The lectin jacalin plus costimulation with anti-CD28 antibody induces phosphorylation of p38 MAPK and IL-4 synthesis-I.

作者信息

Tamma Seetha M Lakshmi, Balan Satya Priya, Chung Ken Wook, Pahwa Savita

机构信息

Department of Biomedical Sciences, C. W. Post Campus, Long Island University, Brookville, NY 11548, USA.

出版信息

J Leukoc Biol. 2006 Apr;79(4):876-80. doi: 10.1189/jlb.0905512. Epub 2006 Jan 24.

Abstract

Costimulatory signals play an important role in the development of T helper cell type 1 (Th1) or Th2 type. Little is known about jacalin plus CD28-mediated signaling and cytokine secretion. In the present study, we analyzed the intracellular signaling events following stimulation of CD4+ T cells with jacalin plus CD28 cross-linking (CD28XL) with anti-CD28 antibody.

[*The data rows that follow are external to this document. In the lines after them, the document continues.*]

(* Let $d=2\delta$ be even, $H\ge1$, $T_{\max}\ge2$. Let $\mu\in\mathbb{C}^\delta$ with $|\mu_k|=1$ and $\lambda=(\mu_1,\bar\mu_1,\dots,\mu_\delta,\bar\mu_\delta)\in\mathbb{C}^d$, and $e_t=\lambda^{t-1}$. Let the parameters satisfy, for every $T\in\{2,\dots,T_{\max}\}$, $P_{T-1,T-1}=-1$, $P_{T-1,T}=2$, $P_{T-1,t}=0$ for $t\le T-2$, and $\mathtt{B}^\top\mathtt{A}=\frac12\mathrm{diag}(J,\dots,J)$ (block diagonal with $\delta$ blocks), where $J\in\mathbb{R}^{2\times2}$ has all entries equal to $1$. Then $\mathcal{T}_\theta(e_{1:T})=\lambda^T$ for every $T\in\{2,\dots,T_{\max}\}$; in particular the loss in the orthogonal setting vanishes, and $H=\delta$ heads suffice to achieve this.
   Context: Model: parameters $\mathtt{A},\mathtt{B}\in\mathbb{R}^{H\times d}$ with rows $a_h,b_h\in\mathbb{R}^d$ and $P\in\mathbb{R}^{T_{\max}\times T_{\max}}$; $\mathcal{T}_\theta(e_{1:T})=\sum_{h=1}^H\sum_{t=1}^T P_{T-1,t}\langle e_t,\mathrm{diag}(a_h)e_{T-1}\rangle_{\mathbb{C}}\mathrm{diag}(b_h)e_t$ with $\langle x,y\rangle_{\mathbb{C}}=\sum_i x_i\bar y_i$. Orthogonal setting loss: $\ell(\theta)=\sum_{T=2}^{T_{\max}}\mathbb{E}\|\mathcal{T}_\theta(e_{1:T})-\lambda^T\|^2$ where $\mu$ has i.i.d. coordinates uniform on the unit circle. Powers are coordinatewise. *)

theory Defs
  imports "HOL-Probability.Probability"
begin

(* Conventions: vector coordinates are 0-based (i < d = 2*delta); token positions
   and rows/columns of P are 1-based as in the paper; heads h < H. *)

definition lam :: "(nat \<Rightarrow> complex) \<Rightarrow> nat \<Rightarrow> complex" where
  "lam \<mu> i = (if even i then \<mu> (i div 2) else cnj (\<mu> (i div 2)))"

definition emb :: "(nat \<Rightarrow> complex) \<Rightarrow> nat \<Rightarrow> nat \<Rightarrow> complex" where
  "emb \<mu> t = (\<lambda>i. lam \<mu> i ^ (t - 1))"

definition cinner :: "nat \<Rightarrow> (nat \<Rightarrow> complex) \<Rightarrow> (nat \<Rightarrow> complex) \<Rightarrow> complex" where
  "cinner d x y = (\<Sum>j<d. x j * cnj (y j))"

(* T_theta(e_{1:T}), coordinate i; A h j = (a_h)_j, B h i = (b_h)_i *)
definition Tth :: "nat \<Rightarrow> nat \<Rightarrow> (nat \<Rightarrow> nat \<Rightarrow> real) \<Rightarrow> (nat \<Rightarrow> nat \<Rightarrow> real)
     \<Rightarrow> (nat \<Rightarrow> nat \<Rightarrow> real) \<Rightarrow> nat \<Rightarrow> (nat \<Rightarrow> nat \<Rightarrow> complex) \<Rightarrow> nat \<Rightarrow> complex" where
  "Tth d H A B P T e i =
     (\<Sum>h<H. \<Sum>t=1..T. of_real (P (T - 1) t)
        * cinner d (e t) (\<lambda>j. of_real (A h j) * e (T - 1) j)
        * of_real (B h i) * e t i)"

definition unif_circle :: "complex measure" where
  "unif_circle = distr (uniform_measure lborel {0..2*pi}) borel (\<lambda>t. cis t)"

definition mu_law :: "nat \<Rightarrow> (nat \<Rightarrow> complex) measure" where
  "mu_law \<delta> = PiM {..<\<delta>} (\<lambda>_. unif_circle)"

definition loss :: "nat \<Rightarrow> nat \<Rightarrow> (nat \<Rightarrow> nat \<Rightarrow> real) \<Rightarrow> (nat \<Rightarrow> nat \<Rightarrow> real)
     \<Rightarrow> (nat \<Rightarrow> nat \<Rightarrow> real) \<Rightarrow> nat \<Rightarrow> real" where
  "loss \<delta> H A B P Tmax =
     (\<Sum>T=2..Tmax. \<integral>\<mu>. (\<Sum>i<2*\<delta>. (cmod (Tth (2*\<delta>) H A B P T (emb \<mu>) i - lam \<mu> i ^ T))\<^sup>2) \<partial>mu_law \<delta>)"

(* (B^T A)_{ij} = 1/2 diag(J,...,J)_{ij} *)
definition BA_cond :: "nat \<Rightarrow> nat \<Rightarrow> (nat \<Rightarrow> nat \<Rightarrow> real) \<Rightarrow> (nat \<Rightarrow> nat \<Rightarrow> real) \<Rightarrow> bool" where
  "BA_cond \<delta> H A B \<longleftrightarrow> (\<forall>i<2*\<delta>. \<forall>j<2*\<delta>.
      (\<Sum>h<H. B h i * A h j) = (if i div 2 = j div 2 then 1/2 else 0))"

definition P_cond :: "nat \<Rightarrow> (nat \<Rightarrow> nat \<Rightarrow> real) \<Rightarrow> bool" where
  "P_cond Tmax P \<longleftrightarrow> (\<forall>T\<in>{2..Tmax}. P (T - 1) (T - 1) = -1 \<and> P (T - 1) T = 2
      \<and> (\<forall>t\<in>{1..T - 2}. P (T - 1) t = 0))"

end

theory Submission
  imports Defs
begin

(* The model depends on A and B only through M = B^T A: coordinate i of the output is
   sum_t P_{T-1,t} (sum_j M_ij (e_t)_j conj((e_{T-1})_j)) (e_t)_i.  Only t = T-1 and t = T
   survive, and since |lambda_j| = 1 the inner sums become sum_j M_ij = 1 and
   sum_j M_ij lambda_j = (lambda_i + conj lambda_i)/2, because M averages over the pair
   {mu_k, conj mu_k} containing lambda_i.  Hence the output is
   (lambda_i + 1/lambda_i) lambda_i^(T-1) - lambda_i^(T-2) = lambda_i^T, and the loss vanishes
   because mu has unit coordinates almost surely. *)

lemma Tth_eq_sum_BA:
  "Tth d H A B P T e i =
     (\<Sum>t=1..T. of_real (P (T - 1) t)
        * (\<Sum>j<d. of_real (\<Sum>h<H. B h i * A h j) * e t j * cnj (e (T - 1) j)) * e t i)"
  unfolding Tth_def cinner_def
proof (subst sum.swap, rule sum.cong[OF refl])
  fix t
  have "(\<Sum>h<H. of_real (P (T - 1) t) * (\<Sum>j<d. e t j * cnj (of_real (A h j) * e (T - 1) j))
        * of_real (B h i) * e t i)
      = of_real (P (T - 1) t)
        * (\<Sum>h<H. \<Sum>j<d. of_real (B h i * A h j) * e t j * cnj (e (T - 1) j)) * e t i"
    by (simp add: sum_distrib_left sum_distrib_right mult_ac)
  also have "(\<Sum>h<H. \<Sum>j<d. of_real (B h i * A h j) * e t j * cnj (e (T - 1) j))
      = (\<Sum>j<d. of_real (\<Sum>h<H. B h i * A h j) * e t j * cnj (e (T - 1) j))"
    by (subst sum.swap) (simp add: sum_distrib_right)
  finally show "(\<Sum>h<H. of_real (P (T - 1) t) * (\<Sum>j<d. e t j * cnj (of_real (A h j) * e (T - 1) j))
        * of_real (B h i) * e t i)
      = of_real (P (T - 1) t)
        * (\<Sum>j<d. of_real (\<Sum>h<H. B h i * A h j) * e t j * cnj (e (T - 1) j)) * e t i" .
qed

lemma sum_atLeastAtMost_last_two:
  fixes f :: "nat \<Rightarrow> 'a::comm_monoid_add"
  assumes "2 \<le> T" and "\<forall>t\<in>{1..T - 2}. f t = 0"
  shows "(\<Sum>t=1..T. f t) = f (T - 1) + f T"
proof -
  obtain n where T: "T = Suc (Suc n)" using assms(1) by (metis add_2_eq_Suc le_Suc_ex)
  then show ?thesis using assms(2) by (simp add: sum.cl_ivl_Suc add.assoc)
qed

lemma sum_pair_block:
  fixes c :: "'a::semiring_0" and k \<delta> :: nat
  assumes "k < \<delta>"
  shows "(\<Sum>j<2*\<delta>. (if j div 2 = k then c else 0) * f j) = c * (f (2*k) + f (2*k + 1))"
proof -
  have "(\<Sum>j<2*\<delta>. (if j div 2 = k then c else 0) * f j) = (\<Sum>j<2*\<delta>. if j div 2 = k then c * f j else 0)"
    by (rule sum.cong) auto
  also have "\<dots> = (\<Sum>j\<in>{j \<in> {..<2*\<delta>}. j div 2 = k}. c * f j)"
    by (rule sum.inter_filter[symmetric]) simp
  also have "{j \<in> {..<2*\<delta>}. j div 2 = k} = {2*k, 2*k + 1}"
    using assms by auto
  finally show ?thesis by (simp add: distrib_left)
qed

lemma lam_mult_cnj:
  assumes "cmod (\<mu> (j div 2)) = 1"
  shows "lam \<mu> j * cnj (lam \<mu> j) = 1"
proof -
  have "cmod (lam \<mu> j) = 1" using assms by (simp add: lam_def)
  then show ?thesis using complex_norm_square[of "lam \<mu> j"] by simp
qed

lemma lam_pair_sum: "lam \<mu> (2*(i div 2)) + lam \<mu> (2*(i div 2) + 1) = lam \<mu> i + cnj (lam \<mu> i)"
  by (auto simp: lam_def elim!: evenE oddE)

lemma emb_mult_cnj_emb:
  assumes "lam \<mu> j * cnj (lam \<mu> j) = 1" and "1 \<le> s" and "s \<le> t"
  shows "emb \<mu> t j * cnj (emb \<mu> s j) = lam \<mu> j ^ (t - s)"
proof -
  have "t - 1 = (t - s) + (s - 1)" using assms(2,3) by simp
  then have "emb \<mu> t j * cnj (emb \<mu> s j) = lam \<mu> j ^ (t - s) * (lam \<mu> j * cnj (lam \<mu> j)) ^ (s - 1)"
    by (simp add: emb_def power_add power_mult_distrib)
  then show ?thesis using assms(1) by simp
qed

lemma Tth_emb_eq_lam_power:
  assumes unit: "\<forall>k<\<delta>. cmod (\<mu> k) = 1" and BA: "BA_cond \<delta> H A B"
    and P_diag: "P (T - 1) (T - 1) = -1" and P_next: "P (T - 1) T = 2"
    and P_zero: "\<forall>t\<in>{1..T - 2}. P (T - 1) t = 0"
    and T: "2 \<le> T" and i: "i < 2*\<delta>"
  shows "Tth (2*\<delta>) H A B P T (emb \<mu>) i = lam \<mu> i ^ T"
proof -
  define l where "l = lam \<mu> i"
  define k where "k = i div 2"
  have k: "k < \<delta>" using i by (simp add: k_def)
  have l_unit: "lam \<mu> j * cnj (lam \<mu> j) = 1" if "j < 2*\<delta>" for j
    using that unit by (intro lam_mult_cnj) simp
  have row: "(\<Sum>j<2*\<delta>. of_real (\<Sum>h<H. B h i * A h j) * g j) = (g (2*k) + g (2*k + 1)) / 2"
    for g :: "nat \<Rightarrow> complex"
  proof -
    have "(\<Sum>j<2*\<delta>. of_real (\<Sum>h<H. B h i * A h j) * g j)
        = (\<Sum>j<2*\<delta>. (if j div 2 = k then 1/2 else 0) * g j)"
      using BA i by (intro sum.cong) (auto simp: BA_cond_def k_def)
    also have "\<dots> = (g (2*k) + g (2*k + 1)) / 2"
      by (simp add: sum_pair_block[OF k])
    finally show ?thesis .
  qed
  define S where "S t = (\<Sum>j<2*\<delta>. of_real (\<Sum>h<H. B h i * A h j)
                          * emb \<mu> t j * cnj (emb \<mu> (T - 1) j))" for t
  have S_prev: "S (T - 1) = 1"
  proof -
    have "S (T - 1) = (\<Sum>j<2*\<delta>. of_real (\<Sum>h<H. B h i * A h j) * 1)"
      unfolding S_def using T
      by (intro sum.cong) (simp_all add: mult.assoc emb_mult_cnj_emb l_unit)
    then show ?thesis using row[of "\<lambda>_. 1"] by simp
  qed
  have S_last: "S T = (l + cnj l) / 2"
  proof -
    have "S T = (\<Sum>j<2*\<delta>. of_real (\<Sum>h<H. B h i * A h j) * lam \<mu> j)"
      unfolding S_def using T
      by (intro sum.cong) (simp_all add: mult.assoc emb_mult_cnj_emb l_unit)
    then show ?thesis using row[of "lam \<mu>"] lam_pair_sum[of \<mu> i] by (simp add: k_def l_def)
  qed
  have "Tth (2*\<delta>) H A B P T (emb \<mu>) i
      = of_real (P (T - 1) (T - 1)) * S (T - 1) * emb \<mu> (T - 1) i
        + of_real (P (T - 1) T) * S T * emb \<mu> T i"
    unfolding Tth_eq_sum_BA S_def using T P_zero by (intro sum_atLeastAtMost_last_two) simp_all
  also have "\<dots> = (l + cnj l) * l ^ (T - 1) - l ^ (T - 2)"
    unfolding P_diag P_next S_prev S_last using T by (simp add: emb_def l_def numeral_2_eq_2)
  also have "\<dots> = l ^ T + (l * cnj l) * l ^ (T - 2) - l ^ (T - 2)"
  proof -
    have "l ^ (T - 1) = l * l ^ (T - 2)"
      using T by (simp add: power_Suc[symmetric] numeral_2_eq_2 Suc_diff_Suc)
    moreover have "l ^ T = l * l * l ^ (T - 2)"
      using T by (metis le_add_diff_inverse power_add power2_eq_square)
    ultimately show ?thesis by (simp add: algebra_simps)
  qed
  also have "\<dots> = l ^ T" using l_unit[OF i] by (simp add: l_def)
  finally show ?thesis by (simp add: l_def)
qed

corollary Tth_emb_exact:
  assumes "\<forall>k<\<delta>. cmod (\<mu> k) = 1" and "BA_cond \<delta> H A B" and "P_cond Tmax P"
    and "T \<in> {2..Tmax}" and "i < 2*\<delta>"
  shows "Tth (2*\<delta>) H A B P T (emb \<mu>) i = lam \<mu> i ^ T"
  using assms unfolding P_cond_def by (intro Tth_emb_eq_lam_power) auto

lemma borel_measurable_cis_uniform:
  "cis \<in> borel_measurable (uniform_measure lborel {0..2*pi})"
  by (subst measurable_cong_sets[OF sets_uniform_measure refl],
      subst measurable_cong_sets[OF sets_lborel refl])
     (rule borel_measurable_continuous_onI, intro continuous_intros)

lemma prob_space_unif_circle: "prob_space unif_circle"
  unfolding unif_circle_def
  by (rule prob_space.prob_space_distr, rule prob_space_uniform_measure)
     (auto simp: borel_measurable_cis_uniform)

lemma AE_unif_circle_norm: "AE z in unif_circle. cmod z = 1"
  unfolding unif_circle_def by (subst AE_distr_iff[OF borel_measurable_cis_uniform]) auto

lemma AE_mu_law_unit: "AE \<mu> in mu_law \<delta>. \<forall>k<\<delta>. cmod (\<mu> k) = 1"
proof -
  have "\<forall>k\<in>{..<\<delta>}. AE \<mu> in mu_law \<delta>. cmod (\<mu> k) = 1"
    unfolding mu_law_def using prob_space_unif_circle AE_unif_circle_norm
    by (auto intro!: AE_PiM_component)
  then have "AE \<mu> in mu_law \<delta>. \<forall>k\<in>{..<\<delta>}. cmod (\<mu> k) = 1"
    by (rule eventually_ball_finite[rotated]) simp
  then show ?thesis by (rule eventually_mono) auto
qed

lemma loss_eq_zero:
  assumes "BA_cond \<delta> H A B" and "P_cond Tmax P"
  shows "loss \<delta> H A B P Tmax = 0"
  unfolding loss_def
proof (intro sum.neutral ballI integral_eq_zero_AE)
  fix T assume T: "T \<in> {2..Tmax}"
  show "AE \<mu> in mu_law \<delta>. (\<Sum>i<2*\<delta>. (cmod (Tth (2*\<delta>) H A B P T (emb \<mu>) i - lam \<mu> i ^ T))\<^sup>2) = 0"
    using AE_mu_law_unit by eventually_elim (simp add: Tth_emb_exact[OF _ assms T])
qed

lemma BA_cond_one_head_per_block:
  "BA_cond \<delta> \<delta> (\<lambda>h j. if j div 2 = h then 1 else 0) (\<lambda>h i. if i div 2 = h then 1/2 else 0)"
  unfolding BA_cond_def
proof (intro allI impI)
  fix i j :: nat assume i: "i < 2*\<delta>"
  have "(\<Sum>h<\<delta>. (if i div 2 = h then 1/2 else 0) * (if j div 2 = h then 1 else 0 :: real))
      = (\<Sum>h<\<delta>. if h = i div 2 then (if i div 2 = j div 2 then 1/2 else 0) else 0)"
    by (intro sum.cong) auto
  also have "\<dots> = (if i div 2 = j div 2 then 1/2 else 0)"
    using i by (subst sum.delta) auto
  finally show "(\<Sum>h<\<delta>. (if i div 2 = h then 1/2 else 0) * (if j div 2 = h then 1 else 0 :: real))
      = (if i div 2 = j div 2 then 1/2 else 0)" .
qed

theorem lemma4:
  fixes \<delta> H Tmax :: nat and A B P :: "nat \<Rightarrow> nat \<Rightarrow> real" and \<mu> :: "nat \<Rightarrow> complex"
  assumes "H \<ge> 1" and "Tmax \<ge> 2"
    and "\<forall>k<\<delta>. cmod (\<mu> k) = 1"
    and "P_cond Tmax P"
    and "BA_cond \<delta> H A B"
  shows "(\<forall>T\<in>{2..Tmax}. \<forall>i<2*\<delta>. Tth (2*\<delta>) H A B P T (emb \<mu>) i = lam \<mu> i ^ T)
         \<and> loss \<delta> H A B P Tmax = 0
         \<and> (\<exists>A' B' :: nat \<Rightarrow> nat \<Rightarrow> real. BA_cond \<delta> \<delta> A' B' \<and> loss \<delta> \<delta> A' B' P Tmax = 0)"
  using Tth_emb_exact[OF assms(3,5,4)] loss_eq_zero[OF assms(5,4)]
    BA_cond_one_head_per_block loss_eq_zero[OF BA_cond_one_head_per_block assms(4)]
  by blast

end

Our results indicate enhanced phosphorylation of Tec and linker for activation of T cells when compared with stimulation with jacalin alone or CD28XL alone. Stimulation with jacalin or CD28XL appears to be insufficient to induce interleukin (IL)-4 secretion; however, CD28XL followed by stimulation with jacalin resulted in enhanced phosphorylation of p38 mitogen-activated protein kinase (MAPK) and increased secretion of IL-4. However, compared with stimulation with phorbol 12-myristate 13-acetate plus ionomycin, jacalin plus CD28XL resulted in decreased levels of tumor necrosis factor alpha secretion. Addition of p38 inhibitor, SB203580, inhibited p38 phosphorylation and IL-4 secretion. These data suggest that jacalin stimulation alone appears to be insufficient for Th2 development, and addition of CD28 costimulation induced Th2 generation. We propose that jacalin plus CD28XL induces Th2 differentiation via activation of p38 MAPK.

摘要

共刺激信号在1型辅助性T细胞(Th1)或2型辅助性T细胞(Th2)的发育中起重要作用。关于红豆蔻凝集素加CD28介导的信号传导和细胞因子分泌知之甚少。在本研究中,我们分析了用红豆蔻凝集素加抗CD28抗体交联CD28(CD28XL)刺激CD4 + T细胞后细胞内的信号转导事件。我们的结果表明,与单独用红豆蔻凝集素或单独用CD28XL刺激相比,Tec和T细胞活化连接蛋白的磷酸化增强。用红豆蔻凝集素或CD28XL刺激似乎不足以诱导白细胞介素(IL)-4分泌;然而,先用CD28XL刺激,再用红豆蔻凝集素刺激,可导致p38丝裂原活化蛋白激酶(MAPK)的磷酸化增强和IL-4分泌增加。然而,与用佛波酯12-肉豆蔻酸酯13-乙酸酯加离子霉素刺激相比,红豆蔻凝集素加CD28XL导致肿瘤坏死因子α分泌水平降低。添加p38抑制剂SB203580可抑制p38磷酸化和IL-4分泌。这些数据表明,单独的红豆蔻凝集素刺激似乎不足以促进Th2发育,而添加CD28共刺激可诱导Th2产生。我们提出,红豆蔻凝集素加CD28XL通过激活p38 MAPK诱导Th2分化。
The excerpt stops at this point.